I’m curious how often he wants to look around inside. I wonder if he’s only here now to escape the rain. 

“How much for this one?” he asked as he held the Tom Petty book in his hands, carefully rubbing the cover. He begins flipping through the pages.

“$28.95,” I say as I go over to show him some cheaper paperbacks I have in stock. It’s presumptuous of me to think he doesn’t have the money for that book. Instead, he decides on an Ale-8 and an “Odyssey” button for his backpack. His wallet is worn black leather and is connected to his belt by a chain. He digs around until he finds a folded 20 deep in a side pocket. I wonder how long that 20 has to last him. As I ring him up and begin to make the change, he tells me about joining LinkedIn because the job market around here is so tough. 

“Already found me one that pays people to write reviews about hunting equipment,” he looks up and makes eye contact when he begins to talk about writing. 

“It’s only 400 words weekly, and you can work from home. Sounds like a dream gig to me.” I can hear the tone of his voice shift. 

I hand over his change. He doesn’t seem to notice that I didn’t charge him any sales tax. I’ll eat the 20 cents. 

I hate that he is 44, and this could be it for him. Bouncing around from couch to couch, putting needles in his arm, and having to love everything from afar. I wish I could buy that Tom Petty book for him. I wish I could give it to him with no repercussions. As he turns to go, he says he’ll be back to support small businesses. He likes having something like this downtown. I wish there were a way I could do something to help him. But out the door and up the street, it’s pouring the rain, something I seem more concerned about than him. I’d like to know if he’s read “The Odyssey.”

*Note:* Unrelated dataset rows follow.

lemma g_ge_div:
  assumes "1 \<le> s" "0 < d"
  shows "s / real d \<le> g d s"
proof -
  have "gf_ratio s \<le> 0" using assms unfolding gf_ratio_def by (simp add: divide_nonpos_pos)
  then have "g_denom d s \<le> real d"
    using sum_antitone_powers_bounds[of "gf_ratio s" d "\<lambda>j. real (d - j)"]
      gf_ratio_gt[of s] assms
    by (simp add: g_denom_def)
  with assms g_denom_pos[of s d] show ?thesis
    by (simp add: g_eq_div_g_denom frac_le)
qed

lemma continuous_on_g:
  assumes "0 < d"
  shows "continuous_on {0<..} (g d)"
proof -
  have "continuous_on {0<..} (g_denom d)"
    unfolding g_denom_def gf_ratio_def by (intro continuous_intros) auto
  then have "continuous_on {0<..} (\<lambda>s. s / g_denom d s)"
    using g_denom_pos[OF _ assms] by (intro continuous_intros) force+
  then show ?thesis
    by (rule continuous_on_eq) (simp add: g_eq_div_g_denom assms)
qed

lemma continuous_on_f:
  assumes "0 < d"
  shows "continuous_on {0<..} (f d)"
proof -
  have "continuous_on {0<..} (f_denom d)"
    unfolding f_denom_def gf_ratio_def by (intro continuous_intros) auto
  then have "continuous_on {0<..} (\<lambda>s. s / f_denom d s)"
    using f_denom_pos[OF _ assms] by (intro continuous_intros) force+
  then show ?thesis
    by (rule continuous_on_eq) (simp add: f_eq_div_f_denom assms)
qed

section \<open>Comparison of the two infima\<close>

lemma Inf_sublevel_less:
  fixes \<phi> \<alpha> \<beta> :: "real \<Rightarrow> real"
  assumes cont: "continuous_on {a<..} \<phi>" "continuous_on {a<..} \<alpha>" "continuous_on {a<..} \<beta>"
    and less: "\<And>s. a < s \<Longrightarrow> \<alpha> s < \<beta> s"
    and nonempty: "\<exists>s. a < s \<and> \<phi> s \<le> \<alpha> s"
    and away: "a < c" "\<And>s. a < s \<Longrightarrow> \<phi> s \<le> \<alpha> s \<Longrightarrow> c \<le> s"
  shows "Inf {s. a < s \<and> \<phi> s \<le> \<beta> s} < Inf {s. a < s \<and> \<phi> s \<le> \<alpha> s}"
proof -
  define S where "S = {s. a < s \<and> \<phi> s \<le> \<alpha> s}"
  define l where "l = Inf S"
  have S: "S \<noteq> {}" "bdd_below S" "S \<subseteq> {c..}"
    using nonempty away unfolding S_def by (auto intro: bdd_belowI[of _ a])
  have "closure S \<subseteq> {c..}" using S(3) by (rule closure_minimal) simp
  then have closure: "closure S \<subseteq> {a<..}" using away(1) by auto
  have l: "l \<in> closure S" unfolding l_def using S(1,2) by (rule closure_contains_Inf)
  with closure have "a < l" by auto
  have "\<phi> l - \<alpha> l \<le> 0"
  proof (rule continuous_le_on_closure[where f = "\<lambda>s. \<phi> s - \<alpha> s", OF _ l])
    show "continuous_on (closure S) (\<lambda>s. \<phi> s - \<alpha> s)"
      using cont by (intro continuous_intros continuous_on_subset[OF _ closure])
  qed (simp add: S_def)
  with less[OF \<open>a < l\<close>] have "\<phi> l - \<beta> l < 0" by simp
  moreover have "isCont (\<lambda>s. \<phi> s - \<beta> s) l"
    using cont \<open>a < l\<close> by (intro continuous_intros) (auto simp: continuous_on_eq_continuous_at)
  then have "((\<lambda>s. \<phi> s - \<beta> s) \<longlongrightarrow> \<phi> l - \<beta> l) (at_left l)"
    unfolding isCont_def by (rule tendsto_within_subset) simp
  ultimately have "\<forall>\<^sub>F t in at_left l. \<phi> t - \<beta> t < 0"
    by (rule order_tendstoD(2)[rotated])
  moreover have "\<forall>\<^sub>F t in at_left l. a < t \<and> t < l"
    using \<open>a < l\<close> by (auto simp: eventually_at_left_field intro!: exI[of _ a])
  ultimately obtain t where t: "\<phi> t - \<beta> t < 0" "a < t" "t < l"
    using eventually_happens'[OF trivial_limit_at_left_real] eventually_conj by blast
  then have "Inf {s. a < s \<and> \<phi> s \<le> \<beta> s} \<le> t"
    by (intro cInf_lower bdd_belowI[of _ a]) auto
  with t show ?thesis unfolding l_def S_def by simp
qed

lemma lambda_d_eq: "lambda_d d B = Inf {s. 1/2 < s \<and> geom_pressure s \<le> g d s * ln B}"
proof -
  have "{s. 0 \<le> s \<and> pressure (\<lambda>x. - s * ln \<bar>gauss_deriv x\<bar> - g d s * ln B) \<le> 0}
      = {s. 1/2 < s \<and> geom_pressure s \<le> g d s * ln B}"
    using pressure_geom_potential_nonpos_iff by force
  then show ?thesis unfolding lambda_d_def by simp
qed

lemma theta_d_eq: "theta_d d B = Inf {s. 1/2 < s \<and> geom_pressure s \<le> f d s * ln B}"
proof -
  have "(\<lambda>x. - f d s * ln B - s * ln \<bar>gauss_deriv x\<bar>) = (\<lambda>x. - s * ln \<bar>gauss_deriv x\<bar> - f d s * ln B)"
    for s by (rule ext) (simp add: algebra_simps)
  then have "{s. 0 \<le> s \<and> pressure (\<lambda>x. - f d s * ln B - s * ln \<bar>gauss_deriv x\<bar>) \<le> 0}
      = {s. 1/2 < s \<and> geom_pressure s \<le> f d s * ln B}"
    using pressure_geom_potential_nonpos_iff by force
  then show ?thesis unfolding theta_d_def by simp
qed

lemma lambda_set_nonempty:
  assumes B: "1 < B" and d: "0 < d"
  shows "\<exists>s. 1/2 < s \<and> geom_pressure s \<le> g d s * ln B"
proof -
  define C where "C = log_denom_sum 1 1"
  define s where "s = 1 + real d * \<bar>C\<bar> / ln B"
  have L: "0 < ln B" using B by simp
  have s1: "1 \<le> s" unfolding s_def using L by simp
  have "geom_pressure s \<le> \<bar>C\<bar>" using geom_pressure_le_at_1[OF s1] unfolding C_def by simp
  also have "\<dots> \<le> s / real d * ln B"
    unfolding s_def using L d by (simp add: field_simps)
  also have "\<dots> \<le> g d s * ln B"
    using g_ge_div[OF s1 d] L by (intro mult_right_mono) auto
  finally show ?thesis using s1 by (intro exI[of _ s]) auto
qed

Thirty years later, we are still learning how to navigate this epidemic. Gone are the old adages of tough love and hitting bottom. Now we approach this disease with community — with meeting people where they are. That’s why it’s important for me to live my recovery out loud. To give hope and instill empathy in those who are tempted to give up the fight. In the words of bell hooks, “rarely if ever, are any of us healed in isolation.”